* **TASK DETAILS**
Reproduce precisely the lines of the listing below, starting with the line that contains "fixes p q x :: real" and stopping after the line that contains "add: power2_eq_square mult_right_mono)"; include nothing else.

* **DATA PROVIDED**

(* Let $b(\lambda)=\frac14\lambda^4+\frac12p\lambda^2+q\lambda$ with $p<0$, $q\in\mathbb{R}$. For $\eta\ne q$ let $\lambda(\eta)$ be the unique point at which $\lambda\mapsto\eta\lambda-b(\lambda)$ attains its global maximum, and let $\lambda(q)=\sqrt{-p}$ (so that $|\lambda(\eta)|\ge\sqrt{-p}$ for all $\eta$). Fix $x$ with $|x|>\sqrt{-p}$. Then for all $\eta\in\mathbb{R}$: (a) $x^2+x\lambda(\eta)+\lambda(\eta)^2+p\ge -2p$ if $|x|\ge2\sqrt{-p}$, and $\ge|x|(|x|-\sqrt{-p})$ if $\sqrt{-p}<|x|<2\sqrt{-p}$; (b) $x^2+2x\lambda(\eta)+3\lambda(\eta)^2+2p\ge-4p$ if $|x|\ge3\sqrt{-p}$, and $\ge(|x|-\sqrt{-p})^2$ if $\sqrt{-p}<|x|<3\sqrt{-p}$. In particular both expressions are bounded below by a positive constant independent of $\eta$. *)

theory Defs
  imports Complex_Main
begin

definition bfun :: "real \<Rightarrow> real \<Rightarrow> real \<Rightarrow> real" where
  "bfun p q l = l^4 / 4 + p * l^2 / 2 + q * l"

definition lam :: "real \<Rightarrow> real \<Rightarrow> real \<Rightarrow> real" where
  "lam p q eta = (if eta = q then sqrt (-p)
     else (THE l. \<forall>m. eta * m - bfun p q m \<le> eta * l - bfun p q l))"

end

theory Submission
  imports Defs
begin

text \<open>For \<open>\<eta> \<noteq> q\<close> the maximiser \<open>\<lambda>(\<eta>)\<close> is the root \<open>l\<close> of the critical-point equation
  \<open>l\<^sup>3 + p l = \<eta> - q\<close> lying outside \<open>[-\<surd>(-p), \<surd>(-p)]\<close>: such a root exists by the intermediate
  value theorem, and the exact factorisation of \<open>\<phi>(l) - \<phi>(m)\<close>, with \<open>\<phi>(m) = \<eta> m - b(m)\<close>,
  shows that it is the strict global maximiser. Hence \<open>\<lambda>(\<eta>)\<^sup>2 \<ge> -p\<close> always, and both bounds
  become elementary inequalities for quadratic forms in \<open>x\<close> and \<open>L\<close> subject to \<open>L\<^sup>2 \<ge> -p\<close>.\<close>

lemma bfun_gap_at_critical_point:
  fixes p q eta l m :: real
  assumes "eta - q = l^3 + p*l"
  shows "(eta*l - bfun p q l) - (eta*m - bfun p q m) = (m - l)^2/4 * ((m + l)^2 + 2*(l^2 + p))"
proof -
  have "eta = l^3 + p*l + q" using assms by simp
  then show ?thesis
    unfolding bfun_def by (simp add: field_simps power2_eq_square power3_eq_cube power4_eq_xxxx)
qed

lemma lam_eq_critical_point:
  fixes p q eta l :: real
  assumes "eta \<noteq> q" and crit: "eta - q = l^3 + p*l" and outside: "-p < l^2"
  shows "lam p q eta = l"
proof -
  have gap_pos: "0 < (m - l)^2/4 * ((m + l)^2 + 2*(l^2 + p))" if "m \<noteq> l" for m
    using that outside by (intro mult_pos_pos) (auto intro: add_nonneg_pos)
  have "(THE l. \<forall>m. eta*m - bfun p q m \<le> eta*l - bfun p q l) = l"
  proof (rule the_equality)
    show "\<forall>m. eta*m - bfun p q m \<le> eta*l - bfun p q l"
      using gap_pos bfun_gap_at_critical_point[OF crit] by (metis diff_ge_0_iff_ge order.refl less_imp_le)
  next
    fix k assume "\<forall>m. eta*m - bfun p q m \<le> eta*k - bfun p q k"
    then have "eta*l - bfun p q l \<le> eta*k - bfun p q k" by blast
    then show "k = l"
      using gap_pos[of k] bfun_gap_at_critical_point[OF crit, of k] by fastforce
  qed
  then show ?thesis using \<open>eta \<noteq> q\<close> unfolding lam_def by simp
qed

lemma depressed_cubic_root_beyond_sqrt:
  fixes p s :: real
  assumes "p < 0" and "0 < s"
  shows "\<exists>l. l^3 + p*l = s \<and> -p < l^2"
proof -
  define a where "a = sqrt (-p)"
  have "0 < a" and a2: "a^2 = -p" using assms by (auto simp: a_def)
  define f where "f l = l^3 + p*l" for l :: real
  have p_eq: "p = - (a*a)" using a2 by (simp add: power2_eq_square)
  have f_eq: "f l = l * (l - a) * (l + a)" for l
    unfolding f_def p_eq by (simp add: power3_eq_cube algebra_simps)
  have "1 * (s + 1) * 1 \<le> (a + s + 1) * (a + s + 1 - a) * (a + s + 1 + a)"
    using \<open>0 < a\<close> \<open>0 < s\<close> by (intro mult_mono) auto
  then have "s \<le> f (a + s + 1)" by (simp add: f_eq)
  moreover have "f a \<le> s" using \<open>0 < s\<close> by (simp add: f_eq)
  ultimately obtain l where "a \<le> l" "f l = s"
    using IVT[of f a s "a + s + 1"] \<open>0 < s\<close> unfolding f_def by (auto intro!: continuous_intros)
  moreover from this have "l \<noteq> a" using \<open>0 < s\<close> by (auto simp: f_eq)
  ultimately have "a^2 < l^2" "f l = s" using \<open>0 < a\<close> by (auto intro: power_strict_mono)
  then show ?thesis using a2 unfolding f_def by auto
qed

lemma lam_square_ge:
  fixes p q eta :: real
  assumes "p < 0"
  shows "-p \<le> (lam p q eta)^2"
proof (cases "eta = q")
  case True
  then show ?thesis using assms by (simp add: lam_def)
next
  case False
  obtain l where "l^3 + p*l = \<bar>eta - q\<bar>" "-p < l^2"
    using depressed_cubic_root_beyond_sqrt[OF assms, of "\<bar>eta - q\<bar>"] False by auto
  moreover have "(-l)^3 + p*(-l) = -(l^3 + p*l)" by (simp add: power3_eq_cube)
  ultimately have "\<exists>l. eta - q = l^3 + p*l \<and> -p < l^2"
    by (cases "eta - q \<ge> 0") (force, metis abs_of_neg not_le minus_minus power2_minus)
  then show ?thesis using lam_eq_critical_point[OF False] by (metis less_imp_le)
qed

lemma quadratic_form_bound_large:
  fixes a x L :: real
  assumes "0 \<le> a" and "2*a \<le> \<bar>x\<bar>"
  shows "2*a^2 \<le> x^2 + x*L + L^2 - a^2"
proof -
  have "(2*a)^2 \<le> x^2" using assms by (metis abs_le_square_iff abs_of_nonneg mult_nonneg_nonneg zero_le_numeral)
  then have "4*a^2 \<le> x^2" by simp
  moreover have "x^2 + x*L + L^2 = (L + x/2)^2 + 3/4*x^2" by (simp add: power2_eq_square algebra_simps)
  ultimately show ?thesis using zero_le_power2[of "L + x/2"] by linarith
qed

lemma quadratic_form_bound_small:
  fixes a x L :: real
  assumes "a \<le> \<bar>L\<bar>" and "\<bar>x\<bar> < 2*a"
  shows "\<bar>x\<bar> * (\<bar>x\<bar> - a) \<le> x^2 + x*L + L^2 - a^2"
proof -
  let ?u = "\<bar>x\<bar>" and ?t = "\<bar>L\<bar>"
  have "- (?u * ?t) \<le> x*L" by (simp add: abs_mult[symmetric])
  moreover have "?u^2 - ?u*?t + ?t^2 - a^2 - ?u*(?u - a) = (?t - a)*(?t + a - ?u)"
    by (simp add: power2_eq_square algebra_simps)
  moreover have "0 \<le> (?t - a)*(?t + a - ?u)" using assms by (intro mult_nonneg_nonneg) auto
  ultimately show ?thesis by simp
qed

lemma weighted_quadratic_form_bound_large:
  fixes a x L :: real
  assumes "0 \<le> a" and "3*a \<le> \<bar>x\<bar>"
  shows "4*a^2 \<le> x^2 + 2*x*L + 3*L^2 - 2*a^2"
proof -
  have "(3*a)^2 \<le> x^2" using assms by (metis abs_le_square_iff abs_of_nonneg mult_nonneg_nonneg zero_le_numeral)
  then have "9*a^2 \<le> x^2" by simp
  moreover have "x^2 + 2*x*L + 3*L^2 = 3*(L + x/3)^2 + 2/3*x^2" by (simp add: power2_eq_square algebra_simps)
  ultimately show ?thesis using zero_le_power2[of "L + x/3"] by linarith
qed

lemma weighted_quadratic_form_bound_small:
  fixes a x L :: real
  assumes "a \<le> \<bar>L\<bar>" and "\<bar>x\<bar> < 3*a"
  shows "(\<bar>x\<bar> - a)^2 \<le> x^2 + 2*x*L + 3*L^2 - 2*a^2"
proof -
  let ?u = "\<bar>x\<bar>" and ?t = "\<bar>L\<bar>"
  have "- (?u * ?t) \<le> x*L" by (simp add: abs_mult[symmetric])
  moreover have "?u^2 - 2*?u*?t + 3*?t^2 - 2*a^2 - (?u - a)^2 = (?t - a)*(3*?t + 3*a - 2*?u)"
    by (simp add: power2_eq_square algebra_simps)
  moreover have "0 \<le> (?t - a)*(3*?t + 3*a - 2*?u)" using assms by (intro mult_nonneg_nonneg) auto
  ultimately show ?thesis by simp
qed

theorem proposition6p1:
  fixes p q x :: real
  assumes "p < 0" and "\<bar>x\<bar> > sqrt (-p)"
  shows "(\<forall>eta. (\<bar>x\<bar> \<ge> 2 * sqrt (-p) \<longrightarrow>
              x^2 + x * lam p q eta + (lam p q eta)^2 + p \<ge> -2 * p)
          \<and> (\<bar>x\<bar> < 2 * sqrt (-p) \<longrightarrow>
              x^2 + x * lam p q eta + (lam p q eta)^2 + p \<ge> \<bar>x\<bar> * (\<bar>x\<bar> - sqrt (-p)))
          \<and> (\<bar>x\<bar> \<ge> 3 * sqrt (-p) \<longrightarrow>
              x^2 + 2 * x * lam p q eta + 3 * (lam p q eta)^2 + 2 * p \<ge> -4 * p)
          \<and> (\<bar>x\<bar> < 3 * sqrt (-p) \<longrightarrow>
              x^2 + 2 * x * lam p q eta + 3 * (lam p q eta)^2 + 2 * p \<ge> (\<bar>x\<bar> - sqrt (-p))^2))
        \<and> (\<exists>c > 0. \<forall>eta.
              x^2 + x * lam p q eta + (lam p q eta)^2 + p \<ge> c
            \<and> x^2 + 2 * x * lam p q eta + 3 * (lam p q eta)^2 + 2 * p \<ge> c)"
  (is "(\<forall>eta. ?bounds eta) \<and> _")
proof -
  define a where "a = sqrt (-p)"
  have "0 < a" and a2: "a^2 = -p" and "a < \<bar>x\<bar>" using assms by (auto simp: a_def)
  have lam_ge: "a \<le> \<bar>lam p q eta\<bar>" for eta
    using lam_square_ge[OF \<open>p < 0\<close>] a2 \<open>0 < a\<close> by (metis abs_le_square_iff abs_of_pos)
  have bounds: "?bounds eta" for eta
    using quadratic_form_bound_large[of a x "lam p q eta"] quadratic_form_bound_small[OF lam_ge, of x eta]
      weighted_quadratic_form_bound_large[of a x "lam p q eta"]
      weighted_quadratic_form_bound_small[OF lam_ge, of x eta] \<open>0 < a\<close> a2
    unfolding a_def[symmetric] by (simp add: algebra_simps)
  define c where "c = min (a^2) ((\<bar>x\<bar> - a)^2)"
  have "0 < c" using \<open>0 < a\<close> \<open>a < \<bar>x\<bar>\<close> by (simp add: c_def)
  moreover have "(\<bar>x\<bar> - a)^2 \<le> \<bar>x\<bar> * (\<bar>x\<bar> - a)"
    using \<open>0 < a\<close> \<open>a < \<bar>x\<bar>\<close> by (simp add: power2_eq_square mult_right_mono)
  ultimately have "\<forall>eta. c \<le> x^2 + x * lam p q eta + (lam p q eta)^2 + p
                      \<and> c \<le> x^2 + 2 * x * lam p q eta + 3 * (lam p q eta)^2 + 2 * p"
    using bounds a2 unfolding a_def[symmetric] c_def by (smt (verit) zero_le_power2)
  then show ?thesis using bounds \<open>0 < c\<close> by blast
qed

end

* **TASK ANSWER**
  fixes p q x :: real
  assumes "p < 0" and "\<bar>x\<bar> > sqrt (-p)"
  shows "(\<forall>eta. (\<bar>x\<bar> \<ge> 2 * sqrt (-p) \<longrightarrow>
              x^2 + x * lam p q eta + (lam p q eta)^2 + p \<ge> -2 * p)
          \<and> (\<bar>x\<bar> < 2 * sqrt (-p) \<longrightarrow>
              x^2 + x * lam p q eta + (lam p q eta)^2 + p \<ge> \<bar>x\<bar> * (\<bar>x\<bar> - sqrt (-p)))
          \<and> (\<bar>x\<bar> \<ge> 3 * sqrt (-p) \<longrightarrow>
              x^2 + 2 * x * lam p q eta + 3 * (lam p q eta)^2 + 2 * p \<ge> -4 * p)
          \<and> (\<bar>x\<bar> < 3 * sqrt (-p) \<longrightarrow>
              x^2 + 2 * x * lam p q eta + 3 * (lam p q eta)^2 + 2 * p \<ge> (\<bar>x\<bar> - sqrt (-p))^2))
        \<and> (\<exists>c > 0. \<forall>eta.
              x^2 + x * lam p q eta + (lam p q eta)^2 + p \<ge> c
            \<and> x^2 + 2 * x * lam p q eta + 3 * (lam p q eta)^2 + 2 * p \<ge> c)"
  (is "(\<forall>eta. ?bounds eta) \<and> _")
proof -
  define a where "a = sqrt (-p)"
  have "0 < a" and a2: "a^2 = -p" and "a < \<bar>x\<bar>" using assms by (auto simp: a_def)
  have lam_ge: "a \<le> \<bar>lam p q eta\<bar>" for eta
    using lam_square_ge[OF \<open>p < 0\<close>] a2 \<open>0 < a\<close> by (metis abs_le_square_iff abs_of_pos)
  have bounds: "?bounds eta" for eta
    using quadratic_form_bound_large[of a x "lam p q eta"] quadratic_form_bound_small[OF lam_ge, of x eta]
      weighted_quadratic_form_bound_large[of a x "lam p q eta"]
      weighted_quadratic_form_bound_small[OF lam_ge, of x eta] \<open>0 < a\<close> a2
    unfolding a_def[symmetric] by (simp add: algebra_simps)
  define c where "c = min (a^2) ((\<bar>x\<bar> - a)^2)"
  have "0 < c" using \<open>0 < a\<close> \<open>a < \<bar>x\<bar>\<close> by (simp add: c_def)
  moreover have "(\<bar>x\<bar> - a)^2 \<le> \<bar>x\<bar> * (\<bar>x\<bar> - a)"
    using \<open>0 < a\<close> \<open>a < \<bar>x\<bar>\<close> by (simp add: power2_eq_square mult_right_mono)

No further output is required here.